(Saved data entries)
------------------------------------

lemma herm_line_poly_CHAR_2:
  fixes a b :: "'a::comm_ring_1"
  assumes char: "CHAR('a) = 2" and q: "q = 2 ^ l"
  shows "herm_line_poly q a b = monom 1 (q + 1) + monom (a ^ q) q + monom a 1 + [:b + b ^ q:]"
proof -
  have line: "[:b, a:] = [:b:] + monom a 1"
    by (simp add: monom_Suc monom_0)
  have "[:b, a:] ^ q = [:b ^ q:] + monom (a ^ q) q"
    unfolding line q using char by (simp add: freshmans_dream_CHAR_2 poly_const_pow monom_power)
  then show ?thesis
    using char by (simp add: herm_line_poly_def minus_CHAR_2 line add_ac)
qed

lemma inj_on_if_order_prod_less_2:
  fixes \<sigma> :: "'i \<Rightarrow> 'a::idom"
  assumes "finite A" and order: "\<And>t. order t (\<Prod>i\<in>A. [:- \<sigma> i, 1:]) < 2"
  shows "inj_on \<sigma> A"
proof (rule inj_onI, rule ccontr)
  fix r s
  assume "r \<in> A" "s \<in> A" "\<sigma> r = \<sigma> s" "r \<noteq> s"
  then have "(\<Prod>i\<in>A. [:- \<sigma> i, 1:]) = (\<Prod>i\<in>A - {r, s}. [:- \<sigma> i, 1:]) * [:- \<sigma> r, 1:] ^ 2"
    using prod.subset_diff[of "{r, s}" A "\<lambda>i. [:- \<sigma> i, 1:]"] \<open>finite A\<close>
    by (simp add: power2_eq_square)
  then have "[:- \<sigma> r, 1:] ^ 2 dvd (\<Prod>i\<in>A. [:- \<sigma> i, 1:])"
    by simp
  then have "2 \<le> order (\<sigma> r) (\<Prod>i\<in>A. [:- \<sigma> i, 1:])"
    using \<open>finite A\<close> by (simp add: order_divides)
  then show False
    using order[of "\<sigma> r"] by simp
qed

lemma field_embedding_hom:
  assumes "field_embedding phi"
  shows "phi 0 = 0" "phi 1 = 1" "phi (x + y) = phi x + phi y" "phi (x * y) = phi x * phi y"
  using assms by (simp_all add: field_embedding_def)

lemma field_embedding_power:
  assumes "field_embedding phi"
  shows "phi (x ^ n) = phi x ^ n"
  by (induction n) (simp_all add: field_embedding_hom[OF assms])

lemma map_poly_add_field_embedding:
  assumes "field_embedding phi"
  shows "map_poly phi (p + r) = map_poly phi p + map_poly phi r"
  by (rule poly_eqI) (simp add: coeff_map_poly field_embedding_hom[OF assms])

lemma field_embedding_herm_kron:
  assumes emb: "field_embedding phi"
  shows "phi (herm_kron q a g n i j) = herm_kron q (phi a) (phi g) n i j"
proof (induction n arbitrary: i j)
  case 0
  then show ?case
    by (simp add: field_embedding_hom[OF emb])
next
  case (Suc n)
  have "phi (herm_factor q a g n i' j') = herm_factor q (phi a) (phi g) n i' j'" for i' j'
    by (simp add: herm_factor_def field_embedding_hom[OF emb] field_embedding_power[OF emb])
  then show ?case
    by (simp add: kron_def field_embedding_hom(4)[OF emb] Suc.IH)
qed

theorem mainTheorem6:
  fixes l q :: nat
    and \<alpha> \<beta> :: "'a::{field, finite}"
    and phi :: "'a \<Rightarrow> 'b::field"
    and \<sigma> :: "nat \<Rightarrow> 'b"
  assumes l: "l \<ge> 1"
    and q: "q = 2 ^ l"
    and card: "CARD('a) = q ^ 2"
    and emb: "field_embedding phi"
    and roots: "map_poly phi (monom 1 (q + 1) + monom (\<alpha> ^ q) q + monom \<alpha> 1 + [:\<beta> + \<beta> ^ q:])
                = (\<Prod>i\<le>q. [:- \<sigma> i, 1:])"
    and not_tangent: "\<not> herm_line_tangent_in phi q \<alpha> \<beta>"
  shows "\<forall>i<q. \<forall>j<q.
           (\<Sum>r\<le>q. \<sigma> r ^ (j * q + i)) = phi (herm_kron q \<alpha> (\<beta> + \<beta> ^ q) l i j)"
proof -
  have "(2::'a) = 0"
    using of_nat_CARD_eq_0[where 'a='a] card q by simp
  then have char_a: "CHAR('a) = 2"
    by (rule CHAR_eq_2I)
  from \<open>(2::'a) = 0\<close> have "(2::'b) = 0"
    using field_embedding_hom[OF emb] by (metis one_add_one)
  then have char_b: "CHAR('b) = 2"
    by (rule CHAR_eq_2I)
  have a: "phi \<alpha> ^ (q * q) = phi \<alpha>"
    using finite_field_power_CARD[of \<alpha>] card
    by (simp add: power2_eq_square flip: field_embedding_power[OF emb])
  have roots': "(\<Prod>r\<le>q. [:- \<sigma> r, 1:])
      = monom 1 (q + 1) + monom (phi \<alpha> ^ q) q + monom (phi \<alpha>) 1 + [:phi (\<beta> + \<beta> ^ q):]"
    using roots by (simp add: map_poly_add_field_embedding[OF emb] map_poly_monom map_poly_pCons
        field_embedding_hom[OF emb] field_embedding_power[OF emb])
  have inj: "inj_on \<sigma> {..q}"
    using not_tangent roots by (intro inj_on_if_order_prod_less_2)
      (auto simp: herm_line_tangent_in_def herm_line_poly_CHAR_2[OF char_a q] not_le)
  show ?thesis
    using power_sum_hermitian_roots[OF char_b l q a roots' inj]
    by (simp add: field_embedding_herm_kron[OF emb])
qed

------------------------------------

Repeat the entries exactly, all of them.

lemma herm_line_poly_CHAR_2:
  fixes a b :: "'a::comm_ring_1"
  assumes char: "CHAR('a) = 2" and q: "q = 2 ^ l"
  shows "herm_line_poly q a b = monom 1 (q + 1) + monom (a ^ q) q + monom a 1 + [:b + b ^ q:]"
proof -
  have line: "[:b, a:] = [:b:] + monom a 1"
    by (simp add: monom_Suc monom_0)
  have "[:b, a:] ^ q = [:b ^ q:] + monom (a ^ q) q"
    unfolding line q using char by (simp add: freshmans_dream_CHAR_2 poly_const_pow monom_power)
  then show ?thesis
    using char by (simp add: herm_line_poly_def minus_CHAR_2 line add_ac)
qed

lemma inj_on_if_order_prod_less_2:
  fixes \<sigma> :: "'i \<Rightarrow> 'a::idom"
  assumes "finite A" and order: "\<And>t. order t (\<Prod>i\<in>A. [:- \<sigma> i, 1:]) < 2"
  shows "inj_on \<sigma> A"
proof (rule inj_onI, rule ccontr)
  fix r s
  assume "r \<in> A" "s \<in> A" "\<sigma> r = \<sigma> s" "r \<noteq> s"
  then have "(\<Prod>i\<in>A. [:- \<sigma> i, 1:]) = (\<Prod>i\<in>A - {r, s}. [:- \<sigma> i, 1:]) * [:- \<sigma> r, 1:] ^ 2"
    using prod.subset_diff[of "{r, s}" A "\<lambda>i. [:- \<sigma> i, 1:]"] \<open>finite A\<close>
    by (simp add: power2_eq_square)
  then have "[:- \<sigma> r, 1:] ^ 2 dvd (\<Prod>i\<in>A. [:- \<sigma> i, 1:])"
    by simp
  then have "2 \<le> order (\<sigma> r) (\<Prod>i\<in>A. [:- \<sigma> i, 1:])"
    using \<open>finite A\<close> by (simp add: order_divides)
  then show False
    using order[of "\<sigma> r"] by simp
qed

lemma field_embedding_hom:
  assumes "field_embedding phi"
  shows "phi 0 = 0" "phi 1 = 1" "phi (x + y) = phi x + phi y" "phi (x * y) = phi x * phi y"
  using assms by (simp_all add: field_embedding_def)

lemma field_embedding_power:
  assumes "field_embedding phi"
  shows "phi (x ^ n) = phi x ^ n"
  by (induction n) (simp_all add: field_embedding_hom[OF assms])

lemma map_poly_add_field_embedding:
  assumes "field_embedding phi"
  shows "map_poly phi (p + r) = map_poly phi p + map_poly phi r"
  by (rule poly_eqI) (simp add: coeff_map_poly field_embedding_hom[OF assms])

lemma field_embedding_herm_kron:
  assumes emb: "field_embedding phi"
  shows "phi (herm_kron q a g n i j) = herm_kron q (phi a) (phi g) n i j"
proof (induction n arbitrary: i j)
  case 0
  then show ?case
    by (simp add: field_embedding_hom[OF emb])
next
  case (Suc n)
  have "phi (herm_factor q a g n i' j') = herm_factor q (phi a) (phi g) n i' j'" for i' j'
    by (simp add: herm_factor_def field_embedding_hom[OF emb] field_embedding_power[OF emb])
  then show ?case
    by (simp add: kron_def field_embedding_hom(4)[OF emb] Suc.IH)
qed

theorem mainTheorem6:
  fixes l q :: nat
    and \<alpha> \<beta> :: "'a::{field, finite}"
    and phi :: "'a \<Rightarrow> 'b::field"
    and \<sigma> :: "nat \<Rightarrow> 'b"
  assumes l: "l \<ge> 1"
    and q: "q = 2 ^ l"
    and card: "CARD('a) = q ^ 2"
    and emb: "field_embedding phi"
    and roots: "map_poly phi (monom 1 (q + 1) + monom (\<alpha> ^ q) q + monom \<alpha> 1 + [:\<beta> + \<beta> ^ q:])
                = (\<Prod>i\<le>q. [:- \<sigma> i, 1:])"
    and not_tangent: "\<not> herm_line_tangent_in phi q \<alpha> \<beta>"
  shows "\<forall>i<q. \<forall>j<q.
           (\<Sum>r\<le>q. \<sigma> r ^ (j * q + i)) = phi (herm_kron q \<alpha> (\<beta> + \<beta> ^ q) l i j)"
proof -
  have "(2::'a) = 0"
    using of_nat_CARD_eq_0[where 'a='a] card q by simp
  then have char_a: "CHAR('a) = 2"
    by (rule CHAR_eq_2I)
  from \<open>(2::'a) = 0\<close> have "(2::'b) = 0"
    using field_embedding_hom[OF emb] by (metis one_add_one)
  then have char_b: "CHAR('b) = 2"
    by (rule CHAR_eq_2I)
  have a: "phi \<alpha> ^ (q * q) = phi \<alpha>"
    using finite_field_power_CARD[of \<alpha>] card
    by (simp add: power2_eq_square flip: field_embedding_power[OF emb])
  have roots': "(\<Prod>r\<le>q. [:- \<sigma> r, 1:])
      = monom 1 (q + 1) + monom (phi \<alpha> ^ q) q + monom (phi \<alpha>) 1 + [:phi (\<beta> + \<beta> ^ q):]"
    using roots by (simp add: map_poly_add_field_embedding[OF emb] map_poly_monom map_poly_pCons
        field_embedding_hom[OF emb] field_embedding_power[OF emb])
  have inj: "inj_on \<sigma> {..q}"
    using not_tangent roots by (intro inj_on_if_order_prod_less_2)
      (auto simp: herm_line_tangent_in_def herm_line_poly_CHAR_2[OF char_a q] not_le)
  show ?thesis
    using power_sum_hermitian_roots[OF char_b l q a roots' inj]
    by (simp add: field_embedding_herm_kron[OF emb])
qed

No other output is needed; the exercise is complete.